Agent Niel had left a bad feeling in the room; Fitzgerald understood now just how silly had been their grand scheme at the National Theater, how spurious their thoughts of handling the affair quietly.

Inspector Lewis dispelled the atmosphere somewhat by becoming quite practical: arrangements were made for an all night watch to be set up at Poplars. Five men would be on duty outside, five inside.

‘We’ll see Wilson in the morning,’ Fitzgerald said. ‘We’re scheduled for eleven. Then this whole thing will be over.’

Lewis nodded. ‘No going out, Sir Adrian. Not without a couple of my men at your side. Understood?’

Appleby nodded glumly, ready for a refill of his cognac.

‘I’ll be here first thing in the morning,’ Lewis went on. ‘We’ll arrange for a safe route to the White House. And home safe after that.’
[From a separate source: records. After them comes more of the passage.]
lemma vmark_level_correction_at:
  assumes PH: "P \<in> \<H>" and Pk: "card P = k"
  shows "vmark G X P + vmark G (level_correction X k) P = F_class_max X P"
proof -
  have P: "subgroup P G" using subgroup_if_mem PH .
  have Pc: "P \<subseteq> carrier G" using P subgroup.subset by blast
  let ?C = "S_conj_class G P"
  let ?d = "F_class_max X P - vmark G X P"
  have summand: "level_correction X k Q * of_nat (card (fixed_cosets G Q Q)) = ?d / of_nat (card ?C)"
    if "Q \<in> ?C" for Q
  proof -
    obtain g where g: "g \<in> carrier G" and Qg: "Q = conj_set G g P"
      using \<open>Q \<in> ?C\<close> unfolding S_conj_class_eq_conj_sets by blast
    have Qs: "subgroup Q G" using subgroup_conj_set[OF g P] Qg by simp
    have PQ: "F_conjugate F P Q" using F_conjugate_conj_set[OF fusion P g] Qg by simp
    have "Q \<in> \<H>" "card Q = k"
      using mem_if_F_conjugate[OF PH PQ] card_F_conjugate[OF fusion PQ] Pk by simp_all
    moreover have "F_class_max X Q = F_class_max X P" using F_class_max_F_conjugate[OF PQ] .
    moreover have "vmark G X Q = vmark G X P"
      using vmark_conj_set[OF finite_carrier g Pc] Qg by simp
    moreover have "S_conj_class G Q = ?C" using S_conj_class_eq_if_mem[OF \<open>Q \<in> ?C\<close> Pc] .
    moreover have "card (fixed_cosets G Q Q) \<noteq> 0"
      using self_in_fixed_cosets[OF Qs] finite_fixed_cosets[OF finite_carrier subgroup.subset[OF Qs]]
      by auto
    ultimately show ?thesis unfolding level_correction_def by simp
  qed
  have "card ?C \<noteq> 0"
    using self_in_S_conj_class[OF Pc] finite_S_conj_class[OF finite_carrier P] by auto
  have "vmark G (level_correction X k) P
      = (\<Sum>Q\<in>?C. level_correction X k Q * of_nat (card (fixed_cosets G Q Q)))"
    using Pk by (intro vmark_eq_sum_S_conj_class[OF finite_carrier P])
      (simp add: level_correction_def split: if_splits)
  also have "\<dots> = ?d" using summand \<open>card ?C \<noteq> 0\<close> by simp
  finally show ?thesis by simp
qed

definition marks_F_invariant_from :: "nat \<Rightarrow> ('a set \<Rightarrow> rat) \<Rightarrow> bool" where
  "marks_F_invariant_from k X \<longleftrightarrow>
    (\<forall>P P'. P \<in> \<H> \<longrightarrow> k \<le> card P \<longrightarrow> F_conjugate F P P' \<longrightarrow> vmark G X P = vmark G X P')"

lemma marks_F_invariant_from_level_correction:
  assumes "marks_F_invariant_from (Suc k) X"
  shows "marks_F_invariant_from k (\<lambda>H. X H + level_correction X k H)"
  unfolding marks_F_invariant_from_def vmark_add
proof (intro allI impI)
  fix P P' assume PH: "P \<in> \<H>" and "k \<le> card P" and PP': "F_conjugate F P P'"
  have P'H: "P' \<in> \<H>" and card: "card P' = card P"
    using mem_if_F_conjugate[OF PH PP'] card_F_conjugate[OF fusion PP'] .
  show "vmark G X P + vmark G (level_correction X k) P
      = vmark G X P' + vmark G (level_correction X k) P'"
  proof (cases "card P = k")
    case True
    then show ?thesis
      using vmark_level_correction_at PH P'H card F_class_max_F_conjugate[OF PP'] by simp
  next
    case False
    then show ?thesis
      using assms \<open>k \<le> card P\<close> PH PP' card vmark_level_correction_above
        F_conjugate_subgroups[OF fusion PP'] unfolding marks_F_invariant_from_def by simp
  qed
qed

lemma exists_marks_F_invariant_from:
  "\<exists>X. (\<forall>H. X0 H \<le> X H) \<and> (\<forall>P. subgroup P G \<longrightarrow> P \<notin> \<H> \<longrightarrow> vmark G X P = vmark G X0 P)
     \<and> marks_F_invariant_from k X"
proof (induction "Suc (card (carrier G)) - k" arbitrary: k)
  case 0
  have "card P < k" if "P \<in> \<H>" for P
    using 0 card_mono[OF finite_carrier subgroup.subset[OF subgroup_if_mem[OF that]]] by simp
  then have "marks_F_invariant_from k X0"
    unfolding marks_F_invariant_from_def by (auto dest: leD)
  then show ?case by blast
next
  case (Suc n)
  then have "n = Suc (card (carrier G)) - Suc k" by arith
  then obtain X where X0_le: "\<forall>H. X0 H \<le> X H"
    and outside: "\<forall>P. subgroup P G \<longrightarrow> P \<notin> \<H> \<longrightarrow> vmark G X P = vmark G X0 P"
    and inside: "marks_F_invariant_from (Suc k) X"
    using Suc.hyps(1) by blast
  define X' where "X' H = X H + level_correction X k H" for H
  have "\<forall>H. X0 H \<le> X' H"
    using X0_le level_correction_nonneg unfolding X'_def by (meson add_increasing2)
  moreover have "\<forall>P. subgroup P G \<longrightarrow> P \<notin> \<H> \<longrightarrow> vmark G X' P = vmark G X0 P"
    using outside vmark_level_correction_not_mem unfolding X'_def vmark_add by simp
  moreover have "marks_F_invariant_from k X'"
    unfolding X'_def using marks_F_invariant_from_level_correction[OF inside] .
  ultimately show ?case by blast
qed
Catherine wanted to put the events of tonight out of her mind; wanted to forget that evil looking figure at the door who made her feel so vulnerable. There would be no sleep for a long time, she knew, her body was full of adrenaline, her heart still pounding violently in her chest.

What a world, she thought. A terrible world we’re tolerating, where families are enslaved in tenements, where wild men roam the streets hunting down loveable old men like Uncle Adrian.

She began to feel a helplessness overcoming her and set her jaw against it. Tomorrow I’ll work; I’ll photograph the slums and thus begin my own Jacob Riis documentation of Washington. In my own way, I’ll battle against the darkness overcoming the world.

She felt better after making this decision; she would take control of her life once again. She got up from bed, wrapped a dressing gown around her shoulders, turned the small lamp on at her writing table by the window, and recorded some of the events of the day in her green, leather-covered journal. The mere act of writing soothed her nerves. Finished, she climbed back into bed.

Soon afterward Edward came into the room, quietly changing into his pajamas, considerately leaving the lights off as he did so. This simple gesture touched her profoundly. He slipped under the covers on his side of the massive four-poster, and reached out to pat her shoulder as he did every night when he thought she was sleeping. A tender gesture as she lay there night after night feigning the regular deep breaths of sleep so as to avoid physical intimacy.

But tonight she took his hand in hers, surprising him, pulling him to her.

‘Hold me,’ she whispered as he slid expectantly over to her side under the covers. ‘Hold me tight.’